Bank Dunia: Dalam Lima Tahun Indonesia Butuh US$500 Miliar

CNN Indonesia
Selasa, 25 Jul 2017 15:51 WIB
Bank Dunia memperkirakan, Indonesia membutuhkan setidaknya US$500 miliar dalam lima tahun ke depan untuk mengatasi kesenjangan ketersediaan infrastruktur.
Bank Dunia memperkirakan, Indonesia membutuhkan setidaknya US$500 miliar dalam lima tahun ke depan untuk mengatasi kesenjangan ketersediaan infrastruktur. (CNN Indonesia/Hesti Rika)
Jakarta, CNN Indonesia -- Bank Dunia mendorong peningkatan peran swasta untuk mempercepat pembangunan infrastruktur di Indonesia. Pasalnya, pembangunan infrastruktur membutuhkan dana yang besar dan tidak bisa ditanggung seluruhnya oleh pemerintah.

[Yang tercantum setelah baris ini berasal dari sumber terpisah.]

section \<open>The two directions of the theorem\<close>

text \<open>The success set is
  the closed set named by \<open>K p\<close>; every point of it is a possible answer of a realizer.\<close>
lemma W_to_LV:
  assumes W: "weihrauch_le \<delta>X \<delta>Y f (delta_closed R) (delta_sub R) (PC \<mu>R R I)"
  shows "las_vegas \<delta>X \<delta>Y f R \<mu>R I"
proof -
  obtain H K where cH: "computable H" and cK: "computable K" and
    real: "\<And>G. realizes (delta_closed R) (delta_sub R) (PC \<mu>R R I) G \<Longrightarrow>
       realizes \<delta>X \<delta>Y f (\<lambda>p. case K p of None \<Rightarrow> None
                      | Some k \<Rightarrow> (case G k of None \<Rightarrow> None | Some q \<Rightarrow> H (pair p q)))"
    using W unfolding weihrauch_le_def by blast
  define F2 where "F2 s = (case K (even_part s) of None \<Rightarrow> None | Some k \<Rightarrow> eta k (odd_part s))" for s
  have cF2: "computable F2" unfolding F2_def by (rule computable_eta_compose[OF cK])
  obtain G0 where G0: "realizes (delta_closed R) (delta_sub R) (PC \<mu>R R I) G0"
    and strict: "\<And>k. G0 k \<noteq> None \<Longrightarrow> \<exists>A. delta_closed R k = Some A \<and> PC \<mu>R R I A \<noteq> {}"
    using PC_strict_realizer by blast
  have "(\<forall>r\<in>R. F2 (pair p r) \<noteq> None) \<and>
      (let S = {r \<in> R. \<not> delta_S (the (F2 (pair p r)))} in S \<noteq> {} \<and> enn2ereal (emeasure \<mu>R S) \<in> I \<and>
        (\<forall>r\<in>S. \<exists>q y. H (pair p r) = Some q \<and> \<delta>Y q = Some y \<and> y \<in> f x))"
    if px: "\<delta>X p = Some x \<and> f x \<noteq> {}" for p x
  proof -
    from real[OF G0] px obtain q0 where
      "(case K p of None \<Rightarrow> None | Some k \<Rightarrow> (case G0 k of None \<Rightarrow> None | Some q \<Rightarrow> H (pair p q))) = Some q0"
      unfolding realizes_def by blast
    then obtain k where Kp: "K p = Some k" and "G0 k \<noteq> None" by (auto split: option.splits)
    then obtain A where kA: "delta_closed R k = Some A" and PA: "PC \<mu>R R I A \<noteq> {}" using strict by blast
    from kA have total: "\<forall>r\<in>R. eta k r \<noteq> None" and A: "A = {r \<in> R. \<not> delta_S (the (eta k r))}"
      unfolding delta_closed_def by (auto split: if_splits)
    have F2_pair: "F2 (pair p r) = eta k r" for r by (simp add: F2_def even_part_pair odd_part_pair Kp)
    have answer: "\<exists>q y. H (pair p r) = Some q \<and> \<delta>Y q = Some y \<and> y \<in> f x" if rA: "r \<in> A" for r
    proof -
      have "r \<in> PC \<mu>R R I A" and "r \<in> R" using rA PC_nonempty[OF PA] by auto
      then have "realizes (delta_closed R) (delta_sub R) (PC \<mu>R R I) (G0(k := Some r))"
        using kA by (intro realizes_update[OF G0]) (auto simp: delta_sub_def)
      from real[OF this] px obtain q y where
        "(case K p of None \<Rightarrow> None | Some k' \<Rightarrow>
           (case (G0(k := Some r)) k' of None \<Rightarrow> None | Some q \<Rightarrow> H (pair p q))) = Some q"
        and "\<delta>Y q = Some y" "y \<in> f x"
        unfolding realizes_def by blast
      then show ?thesis using Kp by auto
    qed
    have "A \<noteq> {}" and "enn2ereal (emeasure \<mu>R A) \<in> I" using PC_nonempty[OF PA] by auto
    then show ?thesis unfolding F2_pair A[symmetric] Let_def using total answer by blast
  qed
  then show ?thesis unfolding las_vegas_def using cH cF2 by blast
qed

Presiden Grup Bank Dunia Jim Young Kim memperkirakan, Indonesia membutuhkan investasi setidaknya US$500 miliar atau Rp6.650 triliun (kurs Rp13.300 per dolar) dalam lima tahun ke depan untuk mengatasi kesenjangan ketersediaan infrastruktur.

"Artinya, harus ada peningkatan alokasi anggaran infrastruktur dari 2,4 persen dari Pendapatan Domestik Bruto (PDB) saat ini menjadi 4,7 persen dari PDB pada 2022," tutur Kim saat menghadiri Indonesia Infrastructure Finance Forum di Hotel Fairmont Jakarta, Selasa (25/7).

Sementara, peningkatan anggaran negara untuk infrastruktur tidak mudah dilakukan. Penerimaan pajak Indonesia masih relatif rendah dengan rasio pajak di bawah 15 persen. Kemudian, pengalokasian belanja juga tertahan oleh defisit yang diatur tidak boleh melewati 3 persen dari Pendapatan Domestik Bruto (PDB).

ADVERTISEMENT

SCROLL TO CONTINUE WITH CONTENT

Di sisi lain, meskipun berpotensi besar, peran sektor swasta dalam pembangunan infrastruktur masih belum optimal. Minimnya peran pelaku swasta bisa disebabkan oleh beberapa faktor.

Pertama, proyek infrastruktur tidak menarik secara komersial karena tidak memberikan keuntungan yang layak. Untuk itu, pemerintah perlu putar otak untuk menyusun perencanaan proyek infrastruktur yang layak di mata investor misalnya dengan memberikan insentif atau kompensasi tertentu.

Selain itu, penyebab perusahaan swasta juga kesulitan masuk karena kalah saing dengan Badan Usaha Milik Negara (BUMN).

Misalnya, BUMN yang memiliki modal kuat bisa mendapatkan suku bunga pinjaman yang lebih rendah dari perbankan pelat merah dan jaminan pemerintah untuk mengerjakan proyek infrastruktur yang sebenarnya layak secara keuangan (bankable).

Karenanya, pemerintah dan BUMN perlu memberikan ruang sektor swasta untuk dapat bekerja sama dan berkompetisi lebih baik.

Tak hanya itu, minimnya peran swasta dalam pembangunan juga disebabkan oleh masalah peraturan. Misalnya, aturan terkait kerja sama pemerintah dan swasta (PPP).

"Kami baru-baru ini mengidentifikasi, ada 100 peraturan yang terkait PPP dan beberapa diantaranya tidak konsisten," ujarnya.

Di tempat yang sama, Menteri Keuangan Sri Mulyani juga mengajak sektor swasta untuk membantu pemerintah dalam pembangunan. Saat ini, lanjut Sri Mulyani, pemerintah memiliki 245 proyek strategis baik di tingkat nasional maupun daerah. Pemerintah bakal kesulitan untuk merealisasikan proyek-proyek tersebut jika hanya mengandalkan kemampuan dompet negara dan BUMN.

"Saya menantang sektor swasta. Jangan mengeluh tetapi datang ke kami datang ke kami, karena kami memiliki ruang yang sangat luas yaitu US$500 miliar yang tidak mungkin dilakukan sendiri oleh pemerintah dan BUMN. Jadi mari bekerja sama," ujar mantan Direktur Pelaksana Bank Dunia ini.